The motivation for this post comes from a recent paper from Makkuva et al., where they proposed a novel approach to learning optimal transport from samples (ICML 2020).
It is worth mentioning that optimal transport was initially proposed for resource allocation between different warehouses, traffic handling, allocating soldiers to other camps, etc..
Here, first, let’s chat about the Monge problem itself and then later explain the Makkuva et al., ’s sampling approach to learn the mappings.
Monge Problem
Lets define some resources $x_1,..,x_n$ in $\alpha$ and some resources $y_1,..,y_m$ in $\beta$. Then, we specify weight vectors $a$ and $b$ over these resources and define matrix $C$ as a measure of pairwise distances between points $x_i \in \alpha$ and relative points derived from $T (x_i)$ in $\beta$; Monge problem aims to solve the following optimization problem:
$$ \min_{ T} \\\{ \sum_i C(x_i, T (x_i)) : T_{\sharp} \alpha = \beta \\\} $$
Where push-forward operator $\sharp$ is used to exhibit the direction of the transportation plan.
Kantrovich Relaxation
Kantrovich proposed a relaxation to the Monge problem in which we can dispatch a bin from the source to multiple locations in the target. We define feasible solutions for this problem with $U$ as :
$$ U(a,b) = \\\{{T} \in \mathrm{R}^{n\times m}_+ : {T} \mathrm{1}_m =a , {T}^T\mathrm{1}_n=b\\\}, $$
It ensures that we are not losing any particle or mass during the transportation plan $T$ for vectors of all $1$ and distributions $a$ and $b$. An optimum solution is obtained by solving the following problem for a given ground metric matrix $C \in \mathbb{R}^{n\times m}$ : $$ L_c(a,b) = \min_{{T} \in U(a,b)} <C,{T}> = \sum_{i,j} C_{i,j} {T}_{i,j}. $$
Linear Programming:
If we do a little bit of linear algebra, we can formulate the Kantrovich relaxation with linear programming:
$$ L_c(\alpha,\beta) = \min_{{T}}C^T {T} \textbf{ s.t, } A\underline{{T}}= \begin{bmatrix} \alpha \\\ \beta \end{bmatrix} $$
Where:
Algorithmic solutions are well-established in the literature as they aim to solve the linear program. In high-dimensional (continuous and semi-discrete) space, the proposed algorithms don’t extend as they demand substantial computational cost and intractable solutions. Few lines of research suggested quantization of space to handle the curse of dimensionality. For example, A Gradual, Semi-Discrete Approach is proposed in ICML 2019 (by the UIUC group) to learn mappings in two steps:
- If the source randomness of the network is a distribution, then optimal transport is achieved by a deterministic evaluation.

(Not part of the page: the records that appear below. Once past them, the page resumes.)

lemma converges_to_opt_if_tendsto_saddle_point:
  assumes "saddle_point x0 z0" and "xs \<longlonglongrightarrow> x0"
  shows "converges_to_opt xs objective"
proof -
  have min: "objective x0 \<le> objective x" for x
    using saddle_point_objective_growth[OF assms(1), of x] zero_le_power2[of "norm (x - x0)"]
    by linarith
  have "x = x0" if "\<forall>y. objective x \<le> objective y" for x
  proof -
    have "(norm (x - x0))\<^sup>2 \<le> 0"
      using saddle_point_objective_growth[OF assms(1), of x] that[rule_format, of x0] by linarith
    then show ?thesis by simp
  qed
  then show ?thesis
    unfolding converges_to_opt_def using min assms(2) by blast
qed

end

locale primal_dual_iteration = primal_dual_problem +
  fixes s gam bet :: real
  assumes onorm_D: "(onorm D)\<^sup>2 \<le> s"
    and gam_pos: "0 < gam" and bet_pos: "0 < bet"
    and gam_bound: "gam * (1 + lam2 * s) < 2"
    and bet_bound: "gam * bet * s \<le> 4/3"
begin

fun step :: "'a \<times> 'b \<Rightarrow> 'a \<times> 'b" where
  "step (x, z) =
    (let y = x - gam *\<^sub>R (hessian x - X);
         z' = P (z + bet *\<^sub>R D (y - gam *\<^sub>R adjoint D z))
     in (y - gam *\<^sub>R adjoint D z', z'))"

lemma norm_D_sq_le: "(norm (D x))\<^sup>2 \<le> s * (norm x)\<^sup>2"
  using linear_D onorm_D by (intro norm_sq_le_of_onorm_sq_le) (simp_all add: linear_conv_bounded_linear)

lemma norm_adjoint_D_sq_le: "(norm (adjoint D z))\<^sup>2 \<le> s * (norm z)\<^sup>2"
  using adjoint_linear[OF linear_D] onorm_D
  by (intro norm_sq_le_of_onorm_sq_le) (simp_all add: linear_conv_bounded_linear onorm_adjoint[OF linear_D])

text \<open>The Hessian is cocoercive: \<open>\<parallel>hessian h\<parallel>\<^sup>2 \<le> (1 + lam2 s) \<langle>h, hessian h\<rangle>\<close>, hence the
  explicit gradient step contracts.\<close>

lemma gradient_step_contraction:
  "(norm (h - gam *\<^sub>R hessian h))\<^sup>2 \<le> (1 - gam * (2 - gam * (1 + lam2 * s))) * (norm h)\<^sup>2"
proof -
  define L where "L = 1 + lam2 * s"
  define a where "a = (norm (D h))\<^sup>2"
  have inner_ge: "(norm h)\<^sup>2 \<le> inner h (hessian h)"
    using inner_hessian[of h] lam2_nonneg by simp
  have "(norm (hessian h))\<^sup>2 = (norm h)\<^sup>2 + 2 * lam2 * a + lam2\<^sup>2 * (norm (adjoint D (D h)))\<^sup>2"
    unfolding hessian_def a_def power2_norm_eq_inner
    by (simp add: inner_add_left inner_add_right inner_adjoint_D inner_commute power2_eq_square
        algebra_simps)
  also have "\<dots> \<le> (norm h)\<^sup>2 + 2 * lam2 * a + lam2\<^sup>2 * (s * a)"
    unfolding a_def by (intro add_left_mono mult_left_mono norm_adjoint_D_sq_le) simp
  also have "\<dots> \<le> L * inner h (hessian h)"
  proof -
    have "lam2 * a \<le> lam2 * (s * (norm h)\<^sup>2)"
      unfolding a_def using norm_D_sq_le lam2_nonneg by (rule mult_left_mono)
    moreover have "L * inner h (hessian h)
        = (norm h)\<^sup>2 + lam2 * a + lam2 * (s * (norm h)\<^sup>2) + lam2\<^sup>2 * (s * a)"
      by (simp add: L_def inner_hessian a_def power2_eq_square algebra_simps)
    ultimately show ?thesis
      by linarith
  qed
  finally have cocoercive: "(norm (hessian h))\<^sup>2 \<le> L * inner h (hessian h)" .
  have "gam * (2 - gam * L) * (norm h)\<^sup>2 \<le> gam * (2 - gam * L) * inner h (hessian h)"
    using inner_ge gam_pos gam_bound by (intro mult_left_mono) (simp_all add: L_def)
  moreover have "gam\<^sup>2 * (norm (hessian h))\<^sup>2 \<le> gam\<^sup>2 * (L * inner h (hessian h))"
    using cocoercive by (rule mult_left_mono) simp
  moreover have "(norm (h - gam *\<^sub>R hessian h))\<^sup>2
      = (norm h)\<^sup>2 - 2 * gam * inner h (hessian h) + gam\<^sup>2 * (norm (hessian h))\<^sup>2"
    unfolding power2_norm_eq_inner
    by (simp add: inner_diff_left inner_diff_right inner_commute power2_eq_square algebra_simps)
  ultimately show ?thesis
    unfolding L_def[symmetric] by (simp add: power2_eq_square algebra_simps)
qed

lemma saddle_point_fixed:
  assumes "saddle_point x0 z0"
  shows "step (x0, z0) = (x0, z0)"
proof -
  have z0: "z0 \<in> S" and opt: "hessian x0 + adjoint D z0 = X"
    and var: "\<And>w. w \<in> S \<Longrightarrow> inner (D x0) (w - z0) \<le> 0"
    using assms unfolding saddle_point_def by auto
  have "hessian x0 - X = - adjoint D z0"
    unfolding opt[symmetric] by simp
  then have y0: "x0 - gam *\<^sub>R (hessian x0 - X) = x0 + gam *\<^sub>R adjoint D z0"
    by simp
  have Pz0: "P (z0 + bet *\<^sub>R D x0) = z0"
    using projection_P z0
  proof (rule projection_eqI)
    fix w assume "w \<in> S"
    then show "inner (z0 + bet *\<^sub>R D x0 - z0) (w - z0) \<le> 0"
      using var[of w] bet_pos by (simp add: mult_nonneg_nonpos)
  qed
  then show ?thesis
    by (simp add: Let_def y0 Pz0)
qed

definition energy :: "'a \<Rightarrow> 'b \<Rightarrow> real" where
  "energy h e = bet / gam * (norm h)\<^sup>2 + (norm e)\<^sup>2 - gam * bet / 2 * (norm (adjoint D e))\<^sup>2"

- Let’s say we have an optimal transport mapping between a generator network and target distribution. Then, we can decrease the Wasserstein distance via a regression between the generated data and the mapped target points ($\Phi_1,\Phi_2,..,\Phi_N$): $$ L(x) = \frac{1}{B} \sum_{j=1}^B \min_i (c(x_j,y_i)-\Phi_i) + \frac{1}{N} \sum_{i=1}^N \Phi_i $$
However, this approach requires the evaluation of every single point. The heuristic idea is to sample some issues and add those sampled constraints as regularizers. Yet, this could lead to bias and not getting accurate distribution out of it. Makkuva et al., proposed an approach to learn optimal transport based on samples by exploring the set of all convex functions.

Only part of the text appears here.